Look through the listing below for the string "also". Show each line where it occurs.

◆ ◆ ◆ ◆ ◆ ◆ ◆

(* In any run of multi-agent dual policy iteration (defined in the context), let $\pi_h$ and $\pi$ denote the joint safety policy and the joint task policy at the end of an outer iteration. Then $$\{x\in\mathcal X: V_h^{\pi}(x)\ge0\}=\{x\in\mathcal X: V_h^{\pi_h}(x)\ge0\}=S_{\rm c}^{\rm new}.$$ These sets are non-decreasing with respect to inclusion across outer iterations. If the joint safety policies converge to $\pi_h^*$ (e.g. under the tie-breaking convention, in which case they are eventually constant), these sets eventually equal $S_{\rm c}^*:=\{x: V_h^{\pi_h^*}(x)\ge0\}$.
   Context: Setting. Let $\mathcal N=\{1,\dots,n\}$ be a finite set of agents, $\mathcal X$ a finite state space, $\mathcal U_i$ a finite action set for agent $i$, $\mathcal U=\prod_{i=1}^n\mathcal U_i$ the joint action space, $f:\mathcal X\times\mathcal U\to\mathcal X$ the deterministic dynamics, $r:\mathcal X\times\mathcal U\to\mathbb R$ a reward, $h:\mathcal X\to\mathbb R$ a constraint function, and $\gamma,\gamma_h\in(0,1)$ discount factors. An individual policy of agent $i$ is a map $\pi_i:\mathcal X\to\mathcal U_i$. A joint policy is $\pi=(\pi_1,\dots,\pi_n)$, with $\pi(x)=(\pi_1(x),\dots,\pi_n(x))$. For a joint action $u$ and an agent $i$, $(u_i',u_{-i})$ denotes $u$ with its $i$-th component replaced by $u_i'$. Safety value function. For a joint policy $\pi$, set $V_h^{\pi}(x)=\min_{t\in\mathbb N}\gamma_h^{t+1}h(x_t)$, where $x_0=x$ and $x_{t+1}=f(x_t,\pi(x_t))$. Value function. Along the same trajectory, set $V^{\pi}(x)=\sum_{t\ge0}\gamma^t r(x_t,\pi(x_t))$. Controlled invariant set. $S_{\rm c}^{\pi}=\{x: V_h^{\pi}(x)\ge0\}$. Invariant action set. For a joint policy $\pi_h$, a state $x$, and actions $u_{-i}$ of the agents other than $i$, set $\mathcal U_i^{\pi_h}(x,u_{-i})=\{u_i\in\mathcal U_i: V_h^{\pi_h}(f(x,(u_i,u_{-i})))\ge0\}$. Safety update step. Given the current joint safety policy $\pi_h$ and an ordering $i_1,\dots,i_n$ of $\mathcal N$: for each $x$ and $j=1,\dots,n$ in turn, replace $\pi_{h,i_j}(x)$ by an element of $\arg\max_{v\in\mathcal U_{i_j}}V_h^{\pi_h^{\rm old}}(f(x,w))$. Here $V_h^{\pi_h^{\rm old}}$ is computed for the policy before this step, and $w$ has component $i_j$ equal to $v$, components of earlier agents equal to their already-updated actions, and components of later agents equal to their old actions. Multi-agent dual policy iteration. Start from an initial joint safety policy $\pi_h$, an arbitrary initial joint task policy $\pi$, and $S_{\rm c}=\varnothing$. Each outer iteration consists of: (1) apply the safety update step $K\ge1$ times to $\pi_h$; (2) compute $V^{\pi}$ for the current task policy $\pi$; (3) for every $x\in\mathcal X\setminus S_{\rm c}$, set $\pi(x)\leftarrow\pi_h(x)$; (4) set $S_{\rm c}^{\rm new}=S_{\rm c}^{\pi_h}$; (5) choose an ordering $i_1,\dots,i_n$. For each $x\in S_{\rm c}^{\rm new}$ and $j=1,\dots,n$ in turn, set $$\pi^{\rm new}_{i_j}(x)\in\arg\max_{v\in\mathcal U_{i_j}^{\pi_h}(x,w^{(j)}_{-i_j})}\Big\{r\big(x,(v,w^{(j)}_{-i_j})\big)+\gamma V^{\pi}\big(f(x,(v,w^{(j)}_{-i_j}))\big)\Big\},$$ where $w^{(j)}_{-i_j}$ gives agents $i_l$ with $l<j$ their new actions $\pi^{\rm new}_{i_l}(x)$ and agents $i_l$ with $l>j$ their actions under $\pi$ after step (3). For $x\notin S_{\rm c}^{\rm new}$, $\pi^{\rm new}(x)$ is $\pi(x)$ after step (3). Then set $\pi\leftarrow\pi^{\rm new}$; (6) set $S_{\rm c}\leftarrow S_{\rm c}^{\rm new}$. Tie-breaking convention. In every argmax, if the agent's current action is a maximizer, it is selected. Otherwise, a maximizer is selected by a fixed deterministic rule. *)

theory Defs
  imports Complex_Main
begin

◆ ◆ ◆ ◆ ◆ ◆ ◆

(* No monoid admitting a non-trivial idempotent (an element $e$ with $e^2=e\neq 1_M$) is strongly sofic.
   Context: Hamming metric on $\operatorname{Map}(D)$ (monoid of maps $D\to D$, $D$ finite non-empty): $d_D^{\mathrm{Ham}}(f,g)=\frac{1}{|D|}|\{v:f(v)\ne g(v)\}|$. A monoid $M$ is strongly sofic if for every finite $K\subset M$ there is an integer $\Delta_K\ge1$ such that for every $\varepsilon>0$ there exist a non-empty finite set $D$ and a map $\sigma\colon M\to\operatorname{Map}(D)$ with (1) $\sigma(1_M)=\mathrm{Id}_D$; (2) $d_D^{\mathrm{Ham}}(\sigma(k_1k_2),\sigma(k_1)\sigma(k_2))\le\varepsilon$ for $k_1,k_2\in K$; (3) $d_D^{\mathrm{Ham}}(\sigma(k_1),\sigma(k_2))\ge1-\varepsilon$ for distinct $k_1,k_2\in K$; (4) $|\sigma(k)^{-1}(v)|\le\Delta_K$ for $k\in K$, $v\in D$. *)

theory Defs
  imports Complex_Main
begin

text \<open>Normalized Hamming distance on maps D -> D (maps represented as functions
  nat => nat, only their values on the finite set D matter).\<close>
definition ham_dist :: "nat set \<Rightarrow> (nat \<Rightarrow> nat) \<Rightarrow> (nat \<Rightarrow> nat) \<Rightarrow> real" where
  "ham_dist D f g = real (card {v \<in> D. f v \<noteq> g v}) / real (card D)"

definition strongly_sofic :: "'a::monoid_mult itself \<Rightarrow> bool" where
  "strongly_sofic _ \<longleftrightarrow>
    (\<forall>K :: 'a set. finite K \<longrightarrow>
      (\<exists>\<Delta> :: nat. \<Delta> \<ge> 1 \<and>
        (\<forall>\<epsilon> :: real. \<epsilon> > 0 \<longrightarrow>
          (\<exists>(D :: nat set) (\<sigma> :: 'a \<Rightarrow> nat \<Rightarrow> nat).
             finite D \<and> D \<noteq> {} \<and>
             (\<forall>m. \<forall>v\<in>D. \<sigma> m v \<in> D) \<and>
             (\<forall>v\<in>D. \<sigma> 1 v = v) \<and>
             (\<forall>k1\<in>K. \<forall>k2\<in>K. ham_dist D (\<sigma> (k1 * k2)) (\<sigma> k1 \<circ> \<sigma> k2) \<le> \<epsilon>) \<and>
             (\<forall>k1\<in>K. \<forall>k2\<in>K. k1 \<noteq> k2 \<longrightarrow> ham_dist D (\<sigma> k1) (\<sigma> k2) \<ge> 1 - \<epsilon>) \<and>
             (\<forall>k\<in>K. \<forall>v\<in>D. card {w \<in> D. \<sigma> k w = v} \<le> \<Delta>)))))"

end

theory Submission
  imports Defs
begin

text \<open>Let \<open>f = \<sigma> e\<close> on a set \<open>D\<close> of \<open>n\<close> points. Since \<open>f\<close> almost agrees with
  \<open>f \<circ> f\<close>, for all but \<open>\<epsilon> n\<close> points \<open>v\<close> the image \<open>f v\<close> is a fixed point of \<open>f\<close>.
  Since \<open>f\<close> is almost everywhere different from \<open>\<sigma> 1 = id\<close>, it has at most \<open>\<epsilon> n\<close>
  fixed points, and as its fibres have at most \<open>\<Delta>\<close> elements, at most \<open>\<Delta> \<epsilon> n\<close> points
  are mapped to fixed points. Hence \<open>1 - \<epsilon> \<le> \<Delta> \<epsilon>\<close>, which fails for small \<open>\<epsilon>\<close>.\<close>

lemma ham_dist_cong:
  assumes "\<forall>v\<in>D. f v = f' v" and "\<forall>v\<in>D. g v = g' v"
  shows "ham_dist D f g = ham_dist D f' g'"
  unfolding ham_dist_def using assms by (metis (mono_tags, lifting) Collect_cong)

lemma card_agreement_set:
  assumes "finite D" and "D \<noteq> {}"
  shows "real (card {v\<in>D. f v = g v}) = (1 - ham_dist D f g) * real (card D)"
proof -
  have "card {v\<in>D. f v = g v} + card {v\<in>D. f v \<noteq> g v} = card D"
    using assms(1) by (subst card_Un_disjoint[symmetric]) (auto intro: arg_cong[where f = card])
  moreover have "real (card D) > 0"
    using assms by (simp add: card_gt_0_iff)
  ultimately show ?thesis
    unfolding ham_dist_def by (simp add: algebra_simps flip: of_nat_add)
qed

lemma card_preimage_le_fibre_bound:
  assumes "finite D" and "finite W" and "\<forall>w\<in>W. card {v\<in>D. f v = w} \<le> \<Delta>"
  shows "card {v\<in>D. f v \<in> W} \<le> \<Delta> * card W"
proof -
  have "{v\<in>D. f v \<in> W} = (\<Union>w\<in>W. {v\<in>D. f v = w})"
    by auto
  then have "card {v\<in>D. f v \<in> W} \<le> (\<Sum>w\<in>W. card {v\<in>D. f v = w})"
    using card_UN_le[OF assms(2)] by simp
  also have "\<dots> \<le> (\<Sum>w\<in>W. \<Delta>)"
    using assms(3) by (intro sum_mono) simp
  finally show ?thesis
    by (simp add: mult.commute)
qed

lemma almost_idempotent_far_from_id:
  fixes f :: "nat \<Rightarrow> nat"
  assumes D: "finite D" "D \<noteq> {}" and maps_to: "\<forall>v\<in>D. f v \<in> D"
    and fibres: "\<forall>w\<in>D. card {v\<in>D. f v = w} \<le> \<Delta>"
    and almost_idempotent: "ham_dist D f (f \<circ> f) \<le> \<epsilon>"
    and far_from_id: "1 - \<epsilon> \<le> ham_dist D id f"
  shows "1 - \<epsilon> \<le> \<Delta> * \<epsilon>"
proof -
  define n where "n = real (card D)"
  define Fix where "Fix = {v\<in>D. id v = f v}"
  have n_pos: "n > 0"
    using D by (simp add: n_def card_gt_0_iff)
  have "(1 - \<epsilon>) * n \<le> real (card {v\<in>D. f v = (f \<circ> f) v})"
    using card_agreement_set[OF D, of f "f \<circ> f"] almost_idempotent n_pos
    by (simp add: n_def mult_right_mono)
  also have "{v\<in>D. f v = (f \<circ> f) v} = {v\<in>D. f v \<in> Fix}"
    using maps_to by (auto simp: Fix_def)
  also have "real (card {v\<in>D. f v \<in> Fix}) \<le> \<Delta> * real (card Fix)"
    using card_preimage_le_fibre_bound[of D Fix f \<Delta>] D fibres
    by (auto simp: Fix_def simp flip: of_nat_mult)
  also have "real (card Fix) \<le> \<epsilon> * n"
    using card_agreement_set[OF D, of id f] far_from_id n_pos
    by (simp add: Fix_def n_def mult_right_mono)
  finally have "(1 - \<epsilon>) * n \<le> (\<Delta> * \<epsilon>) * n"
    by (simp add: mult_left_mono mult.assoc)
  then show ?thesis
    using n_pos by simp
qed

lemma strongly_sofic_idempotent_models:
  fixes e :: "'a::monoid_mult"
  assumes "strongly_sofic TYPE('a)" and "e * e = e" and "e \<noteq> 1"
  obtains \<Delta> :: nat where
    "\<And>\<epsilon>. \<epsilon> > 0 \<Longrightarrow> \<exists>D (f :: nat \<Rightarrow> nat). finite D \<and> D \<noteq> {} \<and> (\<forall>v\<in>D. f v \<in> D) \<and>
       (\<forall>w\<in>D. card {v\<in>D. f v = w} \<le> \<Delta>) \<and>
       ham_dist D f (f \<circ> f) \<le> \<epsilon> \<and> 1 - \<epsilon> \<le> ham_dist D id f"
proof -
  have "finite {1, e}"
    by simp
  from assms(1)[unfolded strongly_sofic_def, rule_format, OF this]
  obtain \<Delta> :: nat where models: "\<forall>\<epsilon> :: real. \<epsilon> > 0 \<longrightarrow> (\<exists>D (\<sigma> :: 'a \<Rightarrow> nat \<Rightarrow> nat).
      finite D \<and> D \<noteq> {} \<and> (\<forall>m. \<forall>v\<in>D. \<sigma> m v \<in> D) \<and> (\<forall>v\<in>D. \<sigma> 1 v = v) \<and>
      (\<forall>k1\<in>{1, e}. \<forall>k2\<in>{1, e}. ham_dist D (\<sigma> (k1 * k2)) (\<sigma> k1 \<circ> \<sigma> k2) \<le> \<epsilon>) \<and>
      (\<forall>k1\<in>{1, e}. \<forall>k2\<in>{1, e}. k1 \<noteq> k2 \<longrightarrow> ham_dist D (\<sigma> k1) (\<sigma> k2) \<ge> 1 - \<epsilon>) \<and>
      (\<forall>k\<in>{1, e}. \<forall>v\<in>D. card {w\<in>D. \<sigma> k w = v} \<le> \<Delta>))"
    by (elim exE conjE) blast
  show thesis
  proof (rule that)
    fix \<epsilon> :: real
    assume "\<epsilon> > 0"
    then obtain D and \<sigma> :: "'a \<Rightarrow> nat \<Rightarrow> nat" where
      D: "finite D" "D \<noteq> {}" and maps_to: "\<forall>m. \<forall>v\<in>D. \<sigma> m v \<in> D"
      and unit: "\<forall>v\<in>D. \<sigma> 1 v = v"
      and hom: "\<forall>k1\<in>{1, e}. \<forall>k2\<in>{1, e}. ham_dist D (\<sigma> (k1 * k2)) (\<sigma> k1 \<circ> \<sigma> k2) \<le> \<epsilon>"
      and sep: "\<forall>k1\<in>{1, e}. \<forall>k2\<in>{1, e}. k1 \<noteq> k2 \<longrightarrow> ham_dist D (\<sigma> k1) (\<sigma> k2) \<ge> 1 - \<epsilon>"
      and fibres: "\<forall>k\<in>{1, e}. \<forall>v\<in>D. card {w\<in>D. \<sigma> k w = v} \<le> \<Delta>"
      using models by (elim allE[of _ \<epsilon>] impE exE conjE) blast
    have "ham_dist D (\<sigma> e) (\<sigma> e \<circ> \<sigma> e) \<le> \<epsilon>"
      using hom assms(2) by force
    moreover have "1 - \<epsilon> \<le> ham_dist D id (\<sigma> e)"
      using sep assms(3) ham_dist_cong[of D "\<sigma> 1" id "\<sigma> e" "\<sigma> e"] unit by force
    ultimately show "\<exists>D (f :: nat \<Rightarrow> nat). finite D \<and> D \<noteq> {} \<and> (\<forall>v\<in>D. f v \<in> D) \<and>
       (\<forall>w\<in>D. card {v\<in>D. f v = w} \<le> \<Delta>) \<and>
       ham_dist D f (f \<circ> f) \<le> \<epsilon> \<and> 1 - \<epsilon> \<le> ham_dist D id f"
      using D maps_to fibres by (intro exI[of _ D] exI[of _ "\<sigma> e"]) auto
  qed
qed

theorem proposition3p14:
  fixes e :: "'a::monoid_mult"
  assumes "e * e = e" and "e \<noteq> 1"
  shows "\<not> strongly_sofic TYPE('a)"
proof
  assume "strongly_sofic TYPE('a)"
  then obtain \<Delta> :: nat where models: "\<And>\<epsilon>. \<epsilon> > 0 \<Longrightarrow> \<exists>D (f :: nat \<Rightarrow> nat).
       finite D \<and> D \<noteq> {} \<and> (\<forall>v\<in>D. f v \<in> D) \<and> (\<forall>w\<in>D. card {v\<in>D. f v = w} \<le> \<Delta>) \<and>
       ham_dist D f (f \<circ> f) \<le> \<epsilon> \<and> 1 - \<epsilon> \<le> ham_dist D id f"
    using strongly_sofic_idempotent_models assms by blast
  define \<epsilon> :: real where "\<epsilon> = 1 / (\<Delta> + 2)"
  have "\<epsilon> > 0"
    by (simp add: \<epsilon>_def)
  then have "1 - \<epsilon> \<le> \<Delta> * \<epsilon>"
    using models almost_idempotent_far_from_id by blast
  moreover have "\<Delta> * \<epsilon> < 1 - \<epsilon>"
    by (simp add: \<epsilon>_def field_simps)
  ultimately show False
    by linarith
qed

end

◆ ◆ ◆ ◆ ◆ ◆ ◆

**Task response**
  also have "\<dots> \<le> (\<Sum>w\<in>W. \<Delta>)"
  also have "{v\<in>D. f v = (f \<circ> f) v} = {v\<in>D. f v \<in> Fix}"
  also have "real (card {v\<in>D. f v \<in> Fix}) \<le> \<Delta> * real (card Fix)"
  also have "real (card Fix) \<le> \<epsilon> * n"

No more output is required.